Commentaire : Il faut parfois se forcer à regarder et entendre ce qui nous déplait, afin de prendre conscience que l'inhumanité et l'horreur qui l'accompagne existent réellement, dans notre monde, dans notre quotidien, peut-être pas si loin de chez nous. C'est le cas des abus rituels, manifestations abominables de quelque chose qui semble, dans son expression, être en opposition totale avec la force de vie qui anime toute création ; comme celle des enfants, hélas bien souvent.

Pour en savoir plus sur ce sujet difficile :

Michael Salter
Le Dr. Michael Salter est un criminologue australien. Il est l'auteur de plusieurs articles publiés dans des revues telles que le British Journal of Criminology, Violence Against Women et Child Abuse Review.
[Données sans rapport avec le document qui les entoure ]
(* For every integer $k\ge 8$, the Hasse diagram (directed graph of the cover relation) of $TW_k$ has clique-width at least $\lceil k/13\rceil$.
   Context: For an integer $k\ge3$, $TW_k$ ("trunk with woodpeckers") is the order on the elements $t_0,\dots,t_{k-1}$ together with one element $w_{a,b}$ for each pair of integers $0\le a$, $b\le k-1$ with $b\ge a+2$, whose order relation is: $t_j<t_l$ iff $j<l$; $t_j<w_{a,b}$ iff $j\le a$; $w_{a,b}<t_j$ iff $j\ge b$; $w_{a,b}<w_{c,d}$ iff $b\le c$; all other pairs are incomparable. It has $\frac{k^2-k}{2}+1$ elements; its covering pairs are $t_j\lessdot t_{j+1}$, $t_a\lessdot w_{a,b}$ and $w_{a,b}\lessdot t_b$. ($x$ is covered by $y$ if $x<y$ and no $z$ satisfies $x<z<y$.) Clique-width is the standard notion (minimum number of labels in a clique-width expression). *)

theory Defs
  imports Complex_Main
begin

text \<open>Only the values of lab on V matter.
  Vertices of the expression are named by the vertices of the graph itself, so no
  isomorphism is needed.\<close>

inductive cw_gen :: "nat \<Rightarrow> 'v set \<Rightarrow> ('v \<times> 'v) set \<Rightarrow> ('v \<Rightarrow> nat) \<Rightarrow> bool" for k :: nat where
  cw_vertex: "i < k \<Longrightarrow> cw_gen k {v} {} (\<lambda>_. i)"
| cw_union: "cw_gen k V1 E1 l1 \<Longrightarrow> cw_gen k V2 E2 l2 \<Longrightarrow> V1 \<inter> V2 = {} \<Longrightarrow>
     cw_gen k (V1 \<union> V2) (E1 \<union> E2) (\<lambda>x. if x \<in> V1 then l1 x else l2 x)"
| cw_arcs: "cw_gen k V E l \<Longrightarrow> i < k \<Longrightarrow> j < k \<Longrightarrow> i \<noteq> j \<Longrightarrow>
     cw_gen k V (E \<union> {(x, y). x \<in> V \<and> y \<in> V \<and> l x = i \<and> l y = j}) l"
| cw_relabel: "cw_gen k V E l \<Longrightarrow> i < k \<Longrightarrow> j < k \<Longrightarrow>
     cw_gen k V E (\<lambda>x. if l x = i then j else l x)"

definition clique_width :: "'v set \<Rightarrow> ('v \<times> 'v) set \<Rightarrow> nat" where
  "clique_width V E = (LEAST k. \<exists>l. cw_gen k V E l)"

section \<open>The order TW_k (trunk with woodpeckers)\<close>

datatype tw_elem = T nat | W nat nat

definition tw_elems :: "nat \<Rightarrow> tw_elem set" where
  "tw_elems k = {T j | j. j < k} \<union> {W a b | a b. b < k \<and> a + 2 \<le> b}"

fun tw_less :: "tw_elem \<Rightarrow> tw_elem \<Rightarrow> bool" where
  "tw_less (T j) (T l) = (j < l)"
| "tw_less (T j) (W a b) = (j \<le> a)"
| "tw_less (W a b) (T j) = (b \<le> j)"
| "tw_less (W a b) (W c d) = (b \<le> c)"

definition tw_hasse :: "nat \<Rightarrow> (tw_elem \<times> tw_elem) set" where
  "tw_hasse k = {(x, y). x \<in> tw_elems k \<and> y \<in> tw_elems k \<and> tw_less x y \<and>
      \<not> (\<exists>z \<in> tw_elems k. tw_less x z \<and> tw_less z y)}"

end

theory Submission
  imports Defs
begin

text \<open>Take any expression with c labels and a subexpression whose vertex set X contains
  between q + 4 and 2q + 8 trunk elements. Vertices of X carrying the same label there are
  indistinguishable from outside X. If at least q trunk elements of X have a neighbour outside X,
  their neighbourhoods differ, so they need q labels. Otherwise four trunk elements of X, the
  least t_p and the greatest t_r among them, have all their neighbours in X; then every trunk
  element t_j outside X (there are at least k - 2q - 8 \<ge> q of them) has a woodpecker neighbour
  in X, namely w_{p,j} or w_{j,r}, and these woodpeckers again need pairwise different labels.\<close>

lemma cw_gen_wellformed:
  "cw_gen n V E l \<Longrightarrow> finite V \<and> V \<noteq> {} \<and> E \<subseteq> V \<times> V \<and> (\<forall>x\<in>V. l x < n)"
  by (induction rule: cw_gen.induct) auto
(* For every integer $t\ge 1$, with $v=4t+1$, the $(v,2,1)$-BIBD on a $v$-set $X$ (whose blocks are all $2$-subsets of $X$) has a strong nesting $\phi:\mathcal{A}\to Y$ with $X\subseteq Y$ and $|Y|=w=6t+2$, and this is optimal: no strong nesting of this BIBD has $|Y|<6t+2$.
   Context: A $(v,k,\lambda)$-BIBD is a pair $(X,\mathcal{A})$ where $X$ is a set of $v$ points and $\mathcal{A}$ is a multiset of $k$-subsets of $X$ (blocks) such that every pair of distinct points lies in exactly $\lambda$ blocks. Given a $(v,k,\lambda)$-BIBD $(X,\mathcal{A})$ and a set $Y\supseteq X$ with $|Y|=w$, a map $\phi:\mathcal{A}\to Y$ is a strong nesting if (1) $\phi(A)\notin A$ for every block $A\in\mathcal{A}$, and (2) the multiset of pairs $\{\{x,\phi(A)\}: A\in\mathcal{A},\ x\in A\}$ (one pair for each block $A$, counted with multiplicity in $\mathcal{A}$, and each $x\in A$) consists of distinct pairs. A strong nesting is optimal if $w=|Y|$ is as small as possible. *)

theory Defs
  imports Main
begin

text \<open>A design whose (multi)set of blocks is given as a family B indexed by a finite
  index set I (so repeated blocks correspond to distinct indices).\<close>

definition is_bibd :: "'a set \<Rightarrow> 'i set \<Rightarrow> ('i \<Rightarrow> 'a set) \<Rightarrow> nat \<Rightarrow> nat \<Rightarrow> nat \<Rightarrow> bool" where
  "is_bibd X I B v k lam \<longleftrightarrow> finite X \<and> card X = v \<and> finite I \<and>
     (\<forall>i\<in>I. B i \<subseteq> X \<and> card (B i) = k) \<and>
     (\<forall>x\<in>X. \<forall>y\<in>X. x \<noteq> y \<longrightarrow> card {i\<in>I. x \<in> B i \<and> y \<in> B i} = lam)"

definition strong_nesting :: "'a set \<Rightarrow> 'i set \<Rightarrow> ('i \<Rightarrow> 'a set) \<Rightarrow> 'a set \<Rightarrow> ('i \<Rightarrow> 'a) \<Rightarrow> bool" where
  "strong_nesting X I B Y phi \<longleftrightarrow> finite Y \<and> X \<subseteq> Y \<and>
     (\<forall>i\<in>I. phi i \<in> Y \<and> phi i \<notin> B i) \<and>
     inj_on (\<lambda>(i, x). {x, phi i}) (SIGMA i:I. B i)"

text \<open>The complete (v,2,1) design on X: blocks are all 2-subsets, indexed by themselves.\<close>

definition pair_blocks :: "'a set \<Rightarrow> 'a set set" where
  "pair_blocks X = {A. A \<subseteq> X \<and> card A = 2}"
lemma degree_eq_card_neighbours:
  assumes "geom_graph S E"
  shows "degree E v = card {w. {v, w} \<in> E}"
proof -
  have "{e \<in> E. v \<in> e} = (\<lambda>w. {v, w}) ` {w. {v, w} \<in> E}"
  proof (intro equalityI subsetI)
    fix e assume e: "e \<in> {e \<in> E. v \<in> e}"
    then have "card e = 2" using assms unfolding geom_graph_def by blast
    then obtain a b where "e = {a, b}" by (auto simp: card_2_iff)
    then have "e = {v, b} \<or> e = {v, a}" using e by auto
    then show "e \<in> (\<lambda>w. {v, w}) ` {w. {v, w} \<in> E}" using e by auto
  qed auto
  moreover have "inj_on (\<lambda>w. {v, w}) {w. {v, w} \<in> E}"
    using geom_graph_edge[OF assms] by (auto simp: inj_on_def doubleton_eq_iff)
  ultimately show ?thesis unfolding degree_def by (simp add: card_image)
qed

lemma graph_path_two_edges:
  assumes "geom_graph S E" "{u, v} \<in> E" "{v, w} \<in> E" "u \<noteq> w"
  shows "graph_path S E [u, v, w] u w"
  unfolding graph_path_def
proof (intro conjI allI impI)
  fix i assume "Suc i < length [u, v, w]"
  then have "i = 0 \<or> i = 1" by auto
  then show "{[u, v, w] ! i, [u, v, w] ! Suc i} \<in> E" using assms(2,3) by auto
qed (use geom_graph_edge[OF assms(1,2)] geom_graph_edge[OF assms(1,3)] assms(4) in auto)
lemma poly_weight_ratio_grow:
  assumes "0 < n" "n \<le> m" "0 < k" "lam \<le> a"
  shows "poly_weight lam a (m / k) \<le> (m / n) powr a * poly_weight lam a (n / k)"
    and "poly_weight lam a (k / n) \<le> (m / n) powr a * poly_weight lam a (k / m)"
proof -
  have "(m / n) * (n / k) = m / k" "(m / n) * (k / m) = k / n"
    using assms by simp_all
  then show "poly_weight lam a (m / k) \<le> (m / n) powr a * poly_weight lam a (n / k)"
    and "poly_weight lam a (k / n) \<le> (m / n) powr a * poly_weight lam a (k / m)"
    using poly_weight_mult_le[of "n / k" "m / n" lam a] poly_weight_mult_le[of "k / m" "m / n" lam a] assms
    by simp_all
qed

section \<open>Lyapunov norms of a nonuniform dichotomy\<close>

locale nonuniform_dichotomy =
  fixes A :: "nat \<Rightarrow> real ^ 'd ^ 'd" and N :: "real ^ 'd \<Rightarrow> real" and P :: "nat \<Rightarrow> real ^ 'd ^ 'd"
    and K a lam eps :: real
  assumes invertible_A: "\<And>n. 1 \<le> n \<Longrightarrow> invertible (A n)"
    and norm_N: "is_norm N"
    and invariant_P: "invariant_projections A P"
    and K_pos: "0 < K" and lam_pos: "0 < lam" and lam_le_a: "lam \<le> a" and eps_nonneg: "0 \<le> eps"
    and stable_op: "\<And>m n. 1 \<le> n \<Longrightarrow> n \<le> m \<Longrightarrow>
      op_norm N (cocycle A m n ** P n) \<le> K * (real m / real n) powr (- lam) * real n powr eps"
    and unstable_op: "\<And>m n. 1 \<le> n \<Longrightarrow> n \<le> m \<Longrightarrow>
      op_norm N (cocycle A n m ** (mat 1 - P m)) \<le> K * (real m / real n) powr (- lam) * real m powr eps"
    and forward_op: "\<And>m n. 1 \<le> n \<Longrightarrow> n \<le> m \<Longrightarrow>
      op_norm N (cocycle A m n) \<le> K * (real m / real n) powr a * real n powr eps"
    and backward_op: "\<And>m n. 1 \<le> n \<Longrightarrow> n \<le> m \<Longrightarrow>
      op_norm N (cocycle A n m) \<le> K * (real m / real n) powr a * real m powr eps"
begin

abbreviation Q :: "nat \<Rightarrow> real ^ 'd ^ 'd" where
  "Q n \<equiv> mat 1 - P n"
En 2012, il a publié son premier livre : Organised Sexual Abuse* ; l'aboutissement de plusieurs années de recherche et de travail en lien direct avec des survivants. Il est actuellement chargé d'enseigner la criminologie à l'Université de Western à Sydney.

L'interview suivante a été menée par la survivante Lynn Schirmer. À noter également que l'australienne Kristin Constance, elle-même victime, a fait partie des personnes ayant travaillé avec Michael Salter pour exposer la dure réalité des abus rituels.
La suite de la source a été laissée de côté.